Time to Walk Away

Watching Milk left me wanting to take to the streets to protest.  Protest what?  Oh, we could start with Amendment 2 in Florida or Proposition 8 in California.

After reliving the struggle to get gays on the radar as humans deserving of human rights, I feel like, in many ways, I am too silent.  Too unappreciative of my freedoms.  I want every person that knows me to know that I am gay.  Because, in reality, the ways that I am similar to them outweigh the ways in which my gayness makes me different.  But how will they ever know, if I don’t show them?

My most recent act of protest, of standing up and being counted, was to leave a church that I love because of the denomination’s 2008 decisions on policies involving homosexuals:

Methodists this week rejected replacing a sentence in its Book of Discipline — which says the church “does not condone the practice of homosexuality” — with other phrases, including one saying Christians differ on the issue. The measure to change the language also was rejected at the last conference in 2004.

Methodists this week also voted against a proposal to change a policy allowing pastors to keep gays and lesbians from joining the denomination’s churches.  (Associated Press 2008)

I can’t be part of a church that supports bigotry.  I don’t believe that God hates me because I am gay.  Hell, I don’t believe God hates anyone.  I do not believe my life is a sin.  And I refuse to allow Jesus’ followers (who, in this instance, are doing a rather shoddy job of following Him at all) to condemn me, when my only crime is living as God created me.

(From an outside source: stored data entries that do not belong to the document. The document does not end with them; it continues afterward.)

(* Let $\varphi$ be an endomorphism of a torsion-free abelian group $A$. (R) $\varphi$ is inertial if and only if $\varphi$ is multiplication by $\frac mn$ for coprime integers $m,n$ such that, if $n\ne\pm1$, then $r_0(A)<\infty$. (L) $\varphi$ is left-inertial if and only if $\varphi$ is multiplication by $\frac mn$ for coprime integers $m,n$ with $m\neq0$ such that, if $m\ne\pm1$, then $r_0(A)<\infty$.
   Context: Abelian groups are written additively. An endomorphism $\varphi$ of $A$ is inertial if $(\varphi(X)+X)/X$ is finite for every subgroup $X\le A$, and left-inertial if $X/(X\cap\varphi(X))$ is finite for every $X\le A$. For a torsion-free group, $\varphi$ is multiplication by $\frac mn$ ($n\neq0$) means $n\varphi(x)=mx$ for all $x\in A$ (equivalently $\varphi(nx)=mx$). $r_0(A)$ denotes the torsion-free rank of $A$. *)

theory Defs
  imports Main
begin

text \<open>An abelian group A is modelled as a type of class ab_group_add (A = UNIV).\<close>

definition zsmul :: "int \<Rightarrow> 'a::ab_group_add \<Rightarrow> 'a" where
  "zsmul n x = (if 0 \<le> n then (\<Sum>_\<in>{..<nat n}. x) else - (\<Sum>_\<in>{..<nat (- n)}. x))"

definition torsion_free :: "'a::ab_group_add itself \<Rightarrow> bool" where
  "torsion_free _ \<longleftrightarrow> (\<forall>(n::int) (x::'a). n \<noteq> 0 \<longrightarrow> zsmul n x = 0 \<longrightarrow> x = 0)"

definition endomorphism :: "('a::ab_group_add \<Rightarrow> 'a) \<Rightarrow> bool" where
  "endomorphism \<phi> \<longleftrightarrow> (\<forall>x y. \<phi> (x + y) = \<phi> x + \<phi> y)"

definition subgrp :: "'a::ab_group_add set \<Rightarrow> bool" where
  "subgrp X \<longleftrightarrow> 0 \<in> X \<and> (\<forall>x\<in>X. \<forall>y\<in>X. x - y \<in> X)"

definition setsum :: "'a::ab_group_add set \<Rightarrow> 'a set \<Rightarrow> 'a set" where
  "setsum X Y = {x + y | x y. x \<in> X \<and> y \<in> Y}"

text \<open>For subgroups X \<subseteq> Y, the quotient Y/X is finite iff there are finitely many cosets of X in Y.\<close>
definition finite_quot :: "'a::ab_group_add set \<Rightarrow> 'a set \<Rightarrow> bool" where
  "finite_quot Y X \<longleftrightarrow> finite ((\<lambda>y. (\<lambda>x. y + x) ` X) ` Y)"

definition inertial :: "('a::ab_group_add \<Rightarrow> 'a) \<Rightarrow> bool" where
  "inertial \<phi> \<longleftrightarrow> (\<forall>X. subgrp X \<longrightarrow> finite_quot (setsum (\<phi> ` X) X) X)"

definition left_inertial :: "('a::ab_group_add \<Rightarrow> 'a) \<Rightarrow> bool" where
  "left_inertial \<phi> \<longleftrightarrow> (\<forall>X. subgrp X \<longrightarrow> finite_quot X (X \<inter> \<phi> ` X))"

text \<open>\<phi> is multiplication by m/n: n \<noteq> 0 and n \<phi>(x) = m x for all x.\<close>
definition mult_by :: "('a::ab_group_add \<Rightarrow> 'a) \<Rightarrow> int \<Rightarrow> int \<Rightarrow> bool" where
  "mult_by \<phi> m n \<longleftrightarrow> n \<noteq> 0 \<and> (\<forall>x. zsmul n (\<phi> x) = zsmul m x)"

definition z_independent :: "'a::ab_group_add set \<Rightarrow> bool" where
  "z_independent S \<longleftrightarrow> finite S \<and>
     (\<forall>c::'a \<Rightarrow> int. (\<Sum>s\<in>S. zsmul (c s) s) = 0 \<longrightarrow> (\<forall>s\<in>S. c s = 0))"

text \<open>r_0(A) < \<infinity>: independent subsets have bounded cardinality.\<close>
definition finite_tf_rank :: "'a::ab_group_add itself \<Rightarrow> bool" where
  "finite_tf_rank _ \<longleftrightarrow> (\<exists>N::nat. \<forall>S::'a set. z_independent S \<longrightarrow> card S \<le> N)"

end

theory Submission
  imports Defs "HOL.Modules" "HOL-Computational_Algebra.Primes" "HOL-Library.FuncSet"
begin

text \<open>Either inertia condition, applied to the cyclic subgroup generated by \<open>x\<close>, yields a
  nontrivial relation between \<open>x\<close> and \<open>\<phi>(x)\<close>, i.e. a local ratio \<open>k \<phi>(x) = l x\<close> with \<open>k \<noteq> 0\<close>.
  In a torsion-free group these local ratios agree (compare \<open>x\<close>, \<open>y\<close> and \<open>x + y\<close>),
  so \<open>\<phi>\<close> is multiplication by a fixed reduced fraction \<open>m/n\<close>.
  For \<open>X \<le> A\<close> we have \<open>n (\<phi> X + X) \<subseteq> X\<close> and \<open>m X \<subseteq> X \<inter> \<phi> X\<close>, so both quotients are images of
  some \<open>Y/kY\<close>, which is finite when \<open>|k| = 1\<close> or when \<open>A\<close> has finite rank: a family of maximal size
  that is independent modulo \<open>pY\<close> is independent, and its residue combinations cover \<open>Y/pY\<close>.
  Conversely, for an infinite independent family \<open>M\<close> and \<open>X = \<langle>M\<rangle>\<close>, two elements \<open>\<phi> e, \<phi> e'\<close>
  (resp. \<open>e, e'\<close>) in one coset of \<open>X\<close> (resp. of \<open>X \<inter> \<phi> X\<close>) force \<open>n | m\<close> (resp. \<open>m | n\<close>),
  which coprimality excludes unless \<open>|n| = 1\<close> (resp. \<open>|m| = 1\<close>).\<close>

section \<open>The \<open>\<int>\<close>-module structure\<close>

lemma zsmul_0 [simp]: "zsmul 0 x = 0"
  by (simp add: zsmul_def)
(*
  Write T_1(i) = Z i 0 for the first renewal time of the i-th process.  Since all
  later increments are positive almost surely, the i-th process has at least one
  renewal by time s iff T_1(i) <= s; all statements reduce to the i.i.d. family
  (T_1(i)), whose common law nu_S has a continuous distribution function F that
  increases strictly from F 0 = 0 to F T_S = 1, so that psi_S is its inverse.

  (i)  The fraction K of active sites is the empirical distribution function of
       2m+1 samples of T_1 at time T_S t.  Hoeffding's inequality and Borel-Cantelli
       give almost sure convergence at every point of a countable grid, monotonicity
       and continuity of F upgrade this to uniform convergence (Polya), and uniform
       continuity of psi_S on [0,1] transfers it to psi_S(K)/T_S, since
       psi_S (F (T_S t)) / T_S = min t 1.
  (ii) The block of active sites around 0 has size k >= 1 iff it is a run of k active
       sites starting at some a in {1-k..0} framed by two inactive sites.  These k
       events are disjoint and by independence each has probability p^k (1-p)^2 with
       p = F (T_S t) = nu_S((0, min t 1 * T_S)).
*)

section \<open>Renewal counts and blocks of ones\<close>

definition arrived :: "(nat \<Rightarrow> real) \<Rightarrow> real \<Rightarrow> bool" where
  "arrived Y s \<longleftrightarrow> (\<exists>n\<ge>1. (\<Sum>j<n. Y j) \<le> s)"

lemma sr_count_pos_iff: "sr_count Y s > 0 \<longleftrightarrow> arrived Y s"
proof -
  define S where "S = {k::nat. 1 \<le> k \<and> (\<Sum>j<k. Y j) \<le> s}"
  have "sr_count Y s = (if finite S then enat (card S) else \<infinity>)"
    by (simp add: sr_count_def S_def Let_def)
  then have "sr_count Y s > 0 \<longleftrightarrow> S \<noteq> {}"
    by (cases "finite S") (auto simp: zero_enat_def card_gt_0_iff)
  then show ?thesis by (auto simp: S_def arrived_def)
qed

My act of defiance may be small.  Only those close to me at church have noticed my absence at all.  But I know that walking away from an organization that does not respect me has given me a greater sense of self-reliance.  I hold my head higher because I refused to acquiesce my dignity simply to belong.

In the smallest of ways, I carry my own torch.  Every act matters.  No matter how small.  But I probably shouldn’t walk into my classroom tomorrow with a Lesbian Avengers poster, right?  Right?